= Ana Novković =

Serbian politician

Ana Novković (Ана Новковић; born 13 September 1965) is a politician in Serbia. She was a member of the Assembly of Vojvodina from 2008 to 2012 with the liberal G17 Plus (G17+) party and later served in the National Assembly of Serbia from 2012 to 2014 with G17 Plus and the United Regions of Serbia (URS).

==Private career==
Novković is a graduate of the University of Belgrade Teacher Education Faculty and works as a teacher in Kovin in the Autonomous Province of Vojvodina.

==Political career==
===Vojvodina Assembly===
The G17 Plus party contested the 2008 Vojvodina provincial election in an alliance with the Democratic Party known as For a European Vojvodina. In this period, half of the seats in the Vojvodina assembly were determined by proportional representation, and the proportional mandates were awarded to candidates on successful electoral lists at the discretion of sponsoring parties or coalitions rather than in numerical order. Novković received the fiftieth position on the DS-led list, which won twenty-three proportional seats, and was subsequently granted a mandate as a representative of her party. For a European Vojvodina won an outright victory in this election, and Novković served as a government supporter for the next four years.

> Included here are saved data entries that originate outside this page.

lemma continuous_on_holomorphic_circlepath_0:
  assumes "f holomorphic_on cball 0 r" "0 \<le> r"
  shows "continuous_on UNIV (\<lambda>t. f (circlepath 0 r t))"
  using assms by (intro continuous_on_compose2[OF holomorphic_on_imp_continuous_on[OF assms(1)]]
      continuous_on_circlepath) auto

lemma borel_measurable_circlepath [measurable]: "circlepath z r \<in> borel_measurable borel"
  by (intro borel_measurable_continuous_onI continuous_on_circlepath)

lemma borel_measurable_Re_holomorphic_circlepath_0:
  assumes "f holomorphic_on cball 0 r" "0 \<le> r"
  shows "(\<lambda>t. Re (f (circlepath 0 r t))) \<in> borel_measurable borel"
  using continuous_on_holomorphic_circlepath_0[OF assms]
  by (intro borel_measurable_continuous_onI continuous_intros)

lemma circlepath_0_nonzero: "r \<noteq> 0 \<Longrightarrow> circlepath 0 r t \<noteq> 0"
  using norm_circlepath_0[of r t] by force

lemma cnj_circlepath_0:
  assumes "r \<noteq> 0"
  shows "cnj (circlepath 0 r t) = of_real (r\<^sup>2) / circlepath 0 r t"
proof -
  have "circlepath 0 r t * cnj (circlepath 0 r t) = of_real (r\<^sup>2)"
    by (simp flip: complex_norm_square)
  with circlepath_0_nonzero[OF assms] show ?thesis
    by (simp add: field_simps)
qed

lemma vector_derivative_circlepath_0:
  "vector_derivative (circlepath 0 r) (at t) = 2 * pi * \<i> * circlepath 0 r t"
  unfolding vector_derivative_circlepath by (simp add: circlepath)

lemma Cauchy_integral_circlepath_0_param:
  assumes "f holomorphic_on cball 0 r" "norm w < r"
  shows "((\<lambda>t. f (circlepath 0 r t) * circlepath 0 r t / (circlepath 0 r t - w)) has_integral f w) {0..1}"
proof -
  let ?c = "circlepath 0 r"
  have "((\<lambda>u. f u / (u - w)) has_contour_integral (2 * pi * \<i> * f w)) ?c"
    using Cauchy_integral_circlepath_simple[of f 0 r w] assms by simp
  then have "((\<lambda>t. f (?c t) / (?c t - w) * (2 * pi * \<i> * ?c t)) has_integral 2 * pi * \<i> * f w) {0..1}"
    by (simp only: has_contour_integral vector_derivative_circlepath_0 mult.assoc)
  from has_integral_mult_right[OF this, of "1 / (2 * pi * \<i>)"] show ?thesis
    by (simp add: field_simps)
qed

lemma mean_value_circlepath_0:
  assumes "f holomorphic_on cball 0 r" "0 < r"
  shows "((\<lambda>t. f (circlepath 0 r t)) has_integral f 0) {0..1}"
  using Cauchy_integral_circlepath_0_param[OF assms(1), of 0] assms(2) circlepath_0_nonzero[of r]
  by simp

lemma Cauchy_integral_cnj_circlepath_0:
  assumes hol: "f holomorphic_on cball 0 r" and z: "norm z < r"
  shows "((\<lambda>t. cnj (f (circlepath 0 r t)) * circlepath 0 r t / (circlepath 0 r t - z))
           has_integral cnj (f 0)) {0..1}"
proof -
  let ?c = "circlepath 0 r"
  have r: "0 < r" using z norm_ge_zero[of z] by linarith
  \<comment> \<open>On the circle \<open>cnj w = r\<^sup>2 / w\<close>, so the integrand is the conjugate of the mean value integrand of \<open>g\<close>.\<close>
  define g where "g w = f w * of_real (r\<^sup>2) / (of_real (r\<^sup>2) - cnj z * w)" for w
  have "of_real (r\<^sup>2) - cnj z * w \<noteq> 0" if "w \<in> cball 0 r" for w
  proof -
    have "norm (cnj z * w) \<le> norm z * r"
      using that by (auto simp: norm_mult intro: mult_left_mono)
    also have "\<dots> < r\<^sup>2" using z r by (simp add: power2_eq_square)
    finally show ?thesis by (metis norm_of_real abs_of_nonneg zero_le_power2 eq_iff_diff_eq_0 less_irrefl)
  qed
  then have "g holomorphic_on cball 0 r"
    unfolding g_def by (intro holomorphic_intros hol) auto
  from has_integral_cnj[THEN iffD2, OF mean_value_circlepath_0[OF this r]]
  have "((\<lambda>t. cnj (g (?c t))) has_integral cnj (f 0)) {0..1}"
    using r by (simp add: g_def o_def)
  moreover have "cnj (g (?c t)) = cnj (f (?c t)) * ?c t / (?c t - z)" for t
  proof -
    have "?c t \<noteq> z" using z r by (metis norm_circlepath_0 abs_of_pos less_irrefl)
    then show ?thesis
      using circlepath_0_nonzero[of r t] r by (simp add: g_def cnj_circlepath_0 field_simps)
  qed
  ultimately show ?thesis by simp
qed

lemma Schwarz_integral_formula_circlepath_0:
  assumes hol: "f holomorphic_on cball 0 r" and z: "norm z < r"
  shows "((\<lambda>t. of_real (Re (f (circlepath 0 r t))) *
              ((circlepath 0 r t + z) / (circlepath 0 r t - z)))
           has_integral f z - \<i> * of_real (Im (f 0))) {0..1}"
proof -
  let ?c = "circlepath 0 r"
  have r: "0 < r" using z norm_ge_zero[of z] by linarith
  have cz: "?c t \<noteq> z" for t using z r by (metis norm_circlepath_0 abs_of_pos less_irrefl)
  have I_mean: "((\<lambda>t. f (?c t)) has_integral f 0) {0..1}"
    by (rule mean_value_circlepath_0[OF hol r])
  have I_Re: "((\<lambda>t. (f (?c t) + cnj (f (?c t))) / 2) has_integral (f 0 + cnj (f 0)) / 2) {0..1}"
    using has_integral_divide[OF has_integral_add[OF I_mean has_integral_cnj[THEN iffD2, OF I_mean]]]
    by (simp add: o_def)
  have "((\<lambda>t. f (?c t) * ?c t / (?c t - z) + cnj (f (?c t)) * ?c t / (?c t - z)
          - (f (?c t) + cnj (f (?c t))) / 2)
        has_integral f z + cnj (f 0) - (f 0 + cnj (f 0)) / 2) {0..1}"
    by (intro has_integral_diff has_integral_add I_Re Cauchy_integral_circlepath_0_param
        Cauchy_integral_cnj_circlepath_0 hol z)
  moreover have "f z + cnj (f 0) - (f 0 + cnj (f 0)) / 2 = f z - \<i> * of_real (Im (f 0))"
    by (simp add: complex_eq_iff)
  moreover have "a * c / (c - z) + cnj a * c / (c - z) - (a + cnj a) / 2
        = of_real (Re a) * ((c + z) / (c - z))" if "c \<noteq> z" for a c
  proof -
    have "(a + cnj a) / 2 * ((c + z) / (c - z)) = (a + cnj a) / 2 * (2 * c / (c - z) - 1)"
      using that by (simp add: field_simps)
    also have "\<dots> = a * c / (c - z) + cnj a * c / (c - z) - (a + cnj a) / 2"
      by (simp add: right_diff_distrib distrib_right add_divide_distrib)
    finally show ?thesis by (simp add: complex_add_cnj)
  qed
  ultimately show ?thesis using cz by simp
qed

lemma norm_le_Im_plus_kernel_integral:
  assumes hol: "f holomorphic_on cball 0 r"
    and nonneg: "\<forall>w\<in>sphere 0 r. 0 \<le> Re (f w)" and z: "norm z < r"
  shows "ennreal (norm (f z)) \<le> ennreal \<bar>Im (f 0)\<bar> +
     (\<integral>\<^sup>+t. ennreal (2 * r * Re (f (circlepath 0 r t))) *
        ennreal (1 / norm (circlepath 0 r t - z)) * indicator {0..1} t \<partial>lborel)"
proof -
  let ?c = "circlepath 0 r"
  have r: "0 < r" using z norm_ge_zero[of z] by linarith
  have cz: "?c t \<noteq> z" for t using z r by (metis norm_circlepath_0 abs_of_pos less_irrefl)
  have U: "0 \<le> Re (f (?c t))" for t using nonneg r by simp
  define B where "B t = 2 * r * Re (f (?c t)) / norm (?c t - z)" for t
  have B: "0 \<le> B t" for t unfolding B_def using U r by simp
  have "continuous_on {0..1} B"
    using continuous_on_holomorphic_circlepath_0[OF hol] r
    unfolding B_def by (intro continuous_intros) (auto intro: continuous_on_subset simp: cz)
  then have intB: "B integrable_on {0..1}" by (rule integrable_continuous_interval)
  have S: "((\<lambda>t. of_real (Re (f (?c t))) * ((?c t + z) / (?c t - z)))
           has_integral f z - \<i> * of_real (Im (f 0))) {0..1}"
    by (rule Schwarz_integral_formula_circlepath_0[OF hol z])
  have "norm (of_real (Re (f (?c t))) * ((?c t + z) / (?c t - z))) \<le> B t" for t
  proof -
    have "norm (?c t + z) \<le> 2 * r"
      using norm_triangle_ineq[of "?c t" z] z r by simp
    then have "Re (f (?c t)) * norm (?c t + z) \<le> Re (f (?c t)) * (2 * r)"
      using U[of t] by (rule mult_left_mono)
    from divide_right_mono[OF this norm_ge_zero]
    have "Re (f (?c t)) * norm (?c t + z) / norm (?c t - z) \<le> B t"
      unfolding B_def by (simp add: mult_ac)
    then show ?thesis
      using U[of t] by (simp add: norm_mult norm_divide)
  qed
  then have "norm (f z - \<i> * of_real (Im (f 0))) \<le> integral {0..1} B"
    using integral_norm_bound_integral[OF has_integral_integrable[OF S] intB] S
    by (simp add: integral_unique)
  then have "norm (f z) \<le> \<bar>Im (f 0)\<bar> + integral {0..1} B"
    using norm_triangle_ineq[of "f z - \<i> * of_real (Im (f 0))" "\<i> * of_real (Im (f 0))"]
    by (simp add: norm_mult)
  moreover have "(\<integral>\<^sup>+t. ennreal (B t) * indicator {0..1} t \<partial>lborel) = ennreal (integral {0..1} B)"
    using B by (intro nn_integral_has_integral_lebesgue' integrable_integral intB)
  moreover have "ennreal (B t) = ennreal (2 * r * Re (f (?c t))) * ennreal (1 / norm (?c t - z))" for t
    unfolding B_def using U[of t] r by (simp add: ennreal_mult' divide_inverse)
  moreover have "0 \<le> integral {0..1} B"
    using B by (intro integral_nonneg intB)
  ultimately show ?thesis
    by (simp add: ennreal_plus[symmetric] del: ennreal_plus)
qed

lemma nn_integral_Schwarz_majorant_le:
  assumes hol: "f holomorphic_on cball 0 r" and nonneg: "\<forall>w\<in>sphere 0 r. 0 \<le> Re (f w)"
    and r: "0 < r" and E [measurable]: "E \<in> sets lborel" and fin: "emeasure lborel E < \<infinity>"
  shows "(\<integral>\<^sup>+z. (\<integral>\<^sup>+t. ennreal (2 * r * Re (f (circlepath 0 r t))) *
            ennreal (1 / norm (circlepath 0 r t - z)) * indicator {0..1} t \<partial>lborel) * indicator E z \<partial>lborel)
         \<le> ennreal (2 * r * Re (f 0) * ((1 + 4 * pi) * sqrt (measure lborel E)))"
proof -
  let ?c = "circlepath 0 r"
  define U where "U t = 2 * r * Re (f (?c t))" for t
  have U: "0 \<le> U t" for t using nonneg r by (simp add: U_def)
  have [measurable]: "(\<lambda>t. Re (f (?c t))) \<in> borel_measurable borel"
    using borel_measurable_Re_holomorphic_circlepath_0[OF hol] r by simp
  have [measurable]: "U \<in> borel_measurable borel"
    unfolding U_def by measurable
  have "(\<integral>\<^sup>+z. (\<integral>\<^sup>+t. ennreal (U t) * ennreal (1 / norm (?c t - z)) * indicator {0..1} t \<partial>lborel) * indicator E z \<partial>lborel)
      = (\<integral>\<^sup>+z. (\<integral>\<^sup>+t. ennreal (U t) * ennreal (1 / norm (?c t - z)) * indicator {0..1} t * indicator E z \<partial>lborel) \<partial>lborel)"
    by (intro nn_integral_cong nn_integral_multc[symmetric]) measurable
  also have "\<dots> = (\<integral>\<^sup>+t. (\<integral>\<^sup>+z. ennreal (U t) * ennreal (1 / norm (?c t - z)) * indicator {0..1} t * indicator E z \<partial>lborel) \<partial>lborel)"
    by (rule lborel_pair.Fubini'[symmetric]) measurable
  also have "\<dots> = (\<integral>\<^sup>+t. ennreal (U t) * indicator {0..1} t *
      (\<integral>\<^sup>+z. ennreal (1 / norm (?c t - z)) * indicator E z \<partial>lborel) \<partial>lborel)"
    by (intro nn_integral_cong) (simp add: nn_integral_cmult[symmetric] mult_ac)
  also have "\<dots> \<le> (\<integral>\<^sup>+t. ennreal (U t) * indicator {0..1} t * ennreal ((1 + 4 * pi) * sqrt (measure lborel E)) \<partial>lborel)"
    by (intro nn_integral_mono mult_left_mono nn_integral_inverse_dist_le E fin) simp
  also have "\<dots> = (\<integral>\<^sup>+t. ennreal (U t) * indicator {0..1} t \<partial>lborel) * ennreal ((1 + 4 * pi) * sqrt (measure lborel E))"
    by (rule nn_integral_multc) measurable
  also have "(\<integral>\<^sup>+t. ennreal (U t) * indicator {0..1} t \<partial>lborel) = ennreal (2 * r * Re (f 0))"
    using U has_integral_mult_right[OF has_integral_Re[OF mean_value_circlepath_0[OF hol r]], of "2 * r"]
    by (intro nn_integral_has_integral_lebesgue') (auto simp: U_def)
  also have "ennreal (2 * r * Re (f 0)) * ennreal ((1 + 4 * pi) * sqrt (measure lborel E))
      = ennreal (2 * r * Re (f 0) * ((1 + 4 * pi) * sqrt (measure lborel E)))"
    by (rule ennreal_mult''[symmetric]) simp
  finally show ?thesis unfolding U_def .
qed

lemma nn_integral_norm_on_subset_ball_le:
  assumes hol: "f holomorphic_on cball 0 r" and nonneg: "\<forall>w\<in>sphere 0 r. 0 \<le> Re (f w)"
    and r: "0 < r" and E [measurable]: "E \<in> sets lborel" and E_ball: "E \<subseteq> ball 0 r"
  shows "(\<integral>\<^sup>+z. ennreal (norm (f z)) * indicator E z \<partial>lborel)
     \<le> ennreal (\<bar>Im (f 0)\<bar> * measure lborel E
                + 2 * r * Re (f 0) * ((1 + 4 * pi) * sqrt (measure lborel E)))"
proof -
  let ?c = "circlepath 0 r"
  define K where "K z = (\<integral>\<^sup>+t. ennreal (2 * r * Re (f (?c t))) *
      ennreal (1 / norm (?c t - z)) * indicator {0..1} t \<partial>lborel)" for z
  have [measurable]: "(\<lambda>t. Re (f (?c t))) \<in> borel_measurable borel"
    using borel_measurable_Re_holomorphic_circlepath_0[OF hol] r by simp
  have [measurable]: "K \<in> borel_measurable lborel"
    unfolding K_def by measurable
  have fin: "emeasure lborel E < \<infinity>"
    by (rule emeasure_bounded_finite[OF bounded_subset[OF bounded_ball E_ball]])
  then have Em: "emeasure lborel E = ennreal (measure lborel E)"
    by (simp add: emeasure_eq_ennreal_measure)
  have "(\<integral>\<^sup>+z. ennreal (norm (f z)) * indicator E z \<partial>lborel)
      \<le> (\<integral>\<^sup>+z. ennreal \<bar>Im (f 0)\<bar> * indicator E z + K z * indicator E z \<partial>lborel)"
    using E_ball norm_le_Im_plus_kernel_integral[OF hol nonneg]
    by (intro nn_integral_mono) (auto simp: K_def split: split_indicator)
  also have "\<dots> = (\<integral>\<^sup>+z. ennreal \<bar>Im (f 0)\<bar> * indicator E z \<partial>lborel) + (\<integral>\<^sup>+z. K z * indicator E z \<partial>lborel)"
    by (rule nn_integral_add) measurable
  also have "\<dots> = ennreal (\<bar>Im (f 0)\<bar> * measure lborel E) + (\<integral>\<^sup>+z. K z * indicator E z \<partial>lborel)"
    using nn_integral_cmult_indicator[OF E, of "ennreal \<bar>Im (f 0)\<bar>"] by (simp add: Em ennreal_mult)
  also have "\<dots> \<le> ennreal (\<bar>Im (f 0)\<bar> * measure lborel E)
      + ennreal (2 * r * Re (f 0) * ((1 + 4 * pi) * sqrt (measure lborel E)))"
    unfolding K_def by (intro add_left_mono nn_integral_Schwarz_majorant_le hol nonneg r E fin)
  also have "\<dots> = ennreal (\<bar>Im (f 0)\<bar> * measure lborel E
                + 2 * r * Re (f 0) * ((1 + 4 * pi) * sqrt (measure lborel E)))"
  proof (rule ennreal_plus[symmetric])
    show "0 \<le> 2 * r * Re (f 0) * ((1 + 4 * pi) * sqrt (measure lborel E))"
      using has_integral_nonneg[OF has_integral_Re[OF mean_value_circlepath_0[OF hol r]]] nonneg r
      by simp
  qed simp
  finally show ?thesis .
qed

G17 Plus took part in the 2012 provincial election as part of the United Regions of Serbia coalition. Novković sought re-election in Kovin's single-member constituency seat and was defeated.

===National Assembly===
Novković received the eighteenth position on the United Regions of Serbia's list in the 2012 Serbian parliamentary election. The list won sixteen mandates. This was the first election in which all mandates were awarded in numerical order, following a 2011 reform, and she was not initially elected. She was, however, awarded a mandate on 30 July 2012 as a replacement for Verica Kalanović, who had been appointed to a cabinet position. The URS participated in a coalition government led by the Socialist Party of Serbia and the Serbian Progressive Party following the election, and Novković again served on the government side.

In April 2013, G17+ ceased to be an independent party and officially merged into the URS. The URS left Serbia's coalition government in August 2013, and its members moved into opposition.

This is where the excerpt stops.